The answer must consist of every line below that holds the word "allI".

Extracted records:
-------------------------
lemma lyapunov_stable_if_inward_on_cubes:
  fixes F :: "real^'n \<Rightarrow> real^'n"
  assumes inward: "inward_on_cubes k R F" and "0 < k" "0 < R"
    and lip: "L-lipschitz_on {z. infnorm z \<le> R} F"
  shows "lyapunov_stable F 0"
  unfolding lyapunov_stable_def
proof (intro allI impI)
  fix e :: real assume "0 < e"
  define D where "D = sqrt (real DIM(real^'n))"
  define d where "d = min R (e / D)"
  have "0 < D"
    by (simp add: D_def)
  have norm_le: "norm z \<le> D * infnorm z" for z :: "real^'n"
    unfolding D_def by (rule norm_le_infnorm)
  from \<open>0 < D\<close> have "0 < d" "d \<le> R" "d \<le> e / D"
    using \<open>0 < e\<close> \<open>0 < R\<close> by (auto simp: d_def)
  then have "D * d \<le> e"
    using mult_left_mono[of d "e / D" D] \<open>0 < D\<close> by simp
  show "\<exists>d>0. \<forall>y. norm (y - 0) < d \<longrightarrow> (\<exists>x. x 0 = y \<and> solves_on F x {0..}) \<and>
      (\<forall>x b. x 0 = y \<and> solves_on F x {0..<b} \<longrightarrow> (\<forall>t\<in>{0..<b}. norm (x t - 0) < e))"
  proof (intro exI[of _ d] conjI allI impI ballI \<open>0 < d\<close>)
    fix y :: "real^'n" assume "norm (y - 0) < d"
    then have y: "infnorm y < d"
      using infnorm_le_norm[of y] by simp
    then show "\<exists>x. x 0 = y \<and> solves_on F x {0..}"
      using global_solution_if_inward_on_cubes[OF inward \<open>0 < k\<close> lip, of y] \<open>d \<le> R\<close> by force
    fix x b t assume x: "x 0 = y \<and> solves_on F x {0..<b}" and t: "t \<in> {0..<b}"
    have "infnorm (x t) < decay_radius k d t"
      using infnorm_less_decay_radius[OF inward \<open>0 < k\<close> \<open>d \<le> R\<close>, of x b t] x y t by simp
    also have "\<dots> \<le> d"
      using decay_radius_le[of d k t] \<open>0 < d\<close> \<open>0 < k\<close> t by simp
    finally have "D * infnorm (x t) < D * d"
      using \<open>0 < D\<close> by simp
    with norm_le[of "x t"] \<open>D * d \<le> e\<close> show "norm (x t - 0) < e"
      by simp
  qed
qed

lemma attractive_if_inward_on_cubes:
  fixes F :: "real^'n \<Rightarrow> real^'n"
  assumes inward: "inward_on_cubes k R F" and "0 < k" "0 < R"
  shows "attractive F 0"
  unfolding attractive_def
proof (intro exI[of _ R] conjI allI impI \<open>0 < R\<close>)
  fix x assume x: "solves_on F x {0..} \<and> norm (x 0 - 0) < R"
  define D where "D = sqrt (real DIM(real^'n))"
  have norm_le: "norm z \<le> D * infnorm z" for z :: "real^'n"
    unfolding D_def by (rule norm_le_infnorm)
  have bound: "norm (x t) \<le> D * decay_radius k R t" if "0 \<le> t" for t
  proof -
    have "solves_on F x {0..<t + 1}"
      using x by (auto intro: solves_on_subset)
    then have "infnorm (x t) \<le> decay_radius k R t"
      using infnorm_less_decay_radius[OF inward \<open>0 < k\<close> order_refl] x infnorm_le_norm[of "x 0"] that
      by (simp add: less_imp_le)
    then have "D * infnorm (x t) \<le> D * decay_radius k R t"
      by (simp add: D_def mult_left_mono)
    with norm_le[of "x t"] show ?thesis
      by linarith
  qed
  have "\<forall>\<^sub>F t in at_top. norm (x t) \<le> D * decay_radius k R t"
    using eventually_ge_at_top[of "0::real"] by (rule eventually_mono) (rule bound)
  moreover have "((\<lambda>t. D * decay_radius k R t) \<longlongrightarrow> 0) at_top"
    using decay_radius_tendsto_0[OF \<open>0 < k\<close>] by (rule tendsto_mult_right_zero)
  ultimately show "(x \<longlongrightarrow> 0) at_top"
    by (rule Lim_null_comparison)
qed

lemma locally_asymptotically_stable_if_inward_on_cubes:
  fixes F :: "real^'n \<Rightarrow> real^'n"
  assumes "F 0 = 0" and "inward_on_cubes k R F" "0 < k" "0 < R"
    and "L-lipschitz_on {z. infnorm z \<le> R} F"
  shows "locally_asymptotically_stable F 0"
  using assms lyapunov_stable_if_inward_on_cubes[of k R F L] attractive_if_inward_on_cubes[of k R F]
  by (simp add: locally_asymptotically_stable_def)

section \<open>The network\<close>

lemma node_field_inward_on_cubes:
  fixes a :: "real^'n" and w :: "real^'n^'n"
  assumes a: "\<forall>i. a $ i \<le> - c" and "0 \<le> c" and w: "\<forall>i j. 0 \<le> w $ i $ j" and "0 \<le> \<epsilon>"
  shows "inward_on_cubes (c / 2) (1 / 2) (node_field a w \<epsilon>)"
  unfolding inward_on_cubes_def
proof (intro allI impI)
  fix z :: "real^'n" and i
  assume "infnorm z \<le> 1 / 2" and zi: "\<bar>z $ i\<bar> = infnorm z"
  define r where "r = infnorm z"
  define \<sigma> where "\<sigma> = sgn (z $ i)"
  have "0 \<le> r" "z $ i \<le> 1 / 2"
    using \<open>infnorm z \<le> 1 / 2\<close> zi by (auto simp: r_def infnorm_pos_le)
  have "\<sigma> * z $ i = r"
    using zi by (auto simp: \<sigma>_def r_def sgn_if)
  moreover have "(z $ i)\<^sup>2 = r\<^sup>2"
    unfolding r_def zi[symmetric] by simp
  ultimately have "\<sigma> * (z $ i) ^ 3 = r ^ 3"
    by (metis power2_eq_square power3_eq_cube mult.assoc)
  then have "\<sigma> * (a $ i * (z $ i) ^ 3 * (1 - z $ i)) = a $ i * (r ^ 3 * (1 - z $ i))"
    by (metis mult.assoc mult.left_commute)
  also have "\<dots> \<le> - c * (r ^ 3 * (1 - z $ i))"
    using a \<open>0 \<le> r\<close> \<open>z $ i \<le> 1 / 2\<close> by (intro mult_right_mono) auto
  also have "\<dots> \<le> - (c / 2) * r ^ 3"
    using mult_left_mono[OF \<open>z $ i \<le> 1 / 2\<close>, of "c * r ^ 3"] \<open>0 \<le> c\<close> \<open>0 \<le> r\<close>
    by (simp add: algebra_simps)
  finally have cubic: "\<sigma> * (a $ i * (z $ i) ^ 3 * (1 - z $ i)) \<le> - (c / 2) * r ^ 3" .
  have "\<sigma> * (w $ i $ j * (z $ j - z $ i)) \<le> 0" for j
  proof -
    have "\<sigma> * z $ j \<le> r"
      using component_le_infnorm_cart[of z j] by (auto simp: \<sigma>_def r_def sgn_if)
    then have "w $ i $ j * (\<sigma> * z $ j - r) \<le> 0"
      using w by (simp add: mult_nonneg_nonpos)
    moreover have "\<sigma> * (w $ i $ j * (z $ j - z $ i)) = w $ i $ j * (\<sigma> * z $ j - r)"
      using \<open>\<sigma> * z $ i = r\<close> by (simp add: algebra_simps)
    ultimately show ?thesis
      by linarith
  qed
  then have coupling: "\<sigma> * (\<epsilon> * (\<Sum>j\<in>UNIV. w $ i $ j * (z $ j - z $ i))) \<le> 0"
    using \<open>0 \<le> \<epsilon>\<close> by (simp add: sum_distrib_left mult.left_commute sum_nonpos mult_nonneg_nonpos)
  show "sgn (z $ i) * node_field a w \<epsilon> z $ i \<le> - (c / 2) * infnorm z ^ 3"
    using cubic coupling by (simp add: node_field_def \<sigma>_def r_def distrib_left)
qed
-------------------------
▸ SOLUTION TO THE EXERCISE:
proof (intro allI impI)
  proof (intro exI[of _ d] conjI allI impI ballI \<open>0 < d\<close>)
proof (intro exI[of _ R] conjI allI impI \<open>0 < R\<close>)
proof (intro allI impI)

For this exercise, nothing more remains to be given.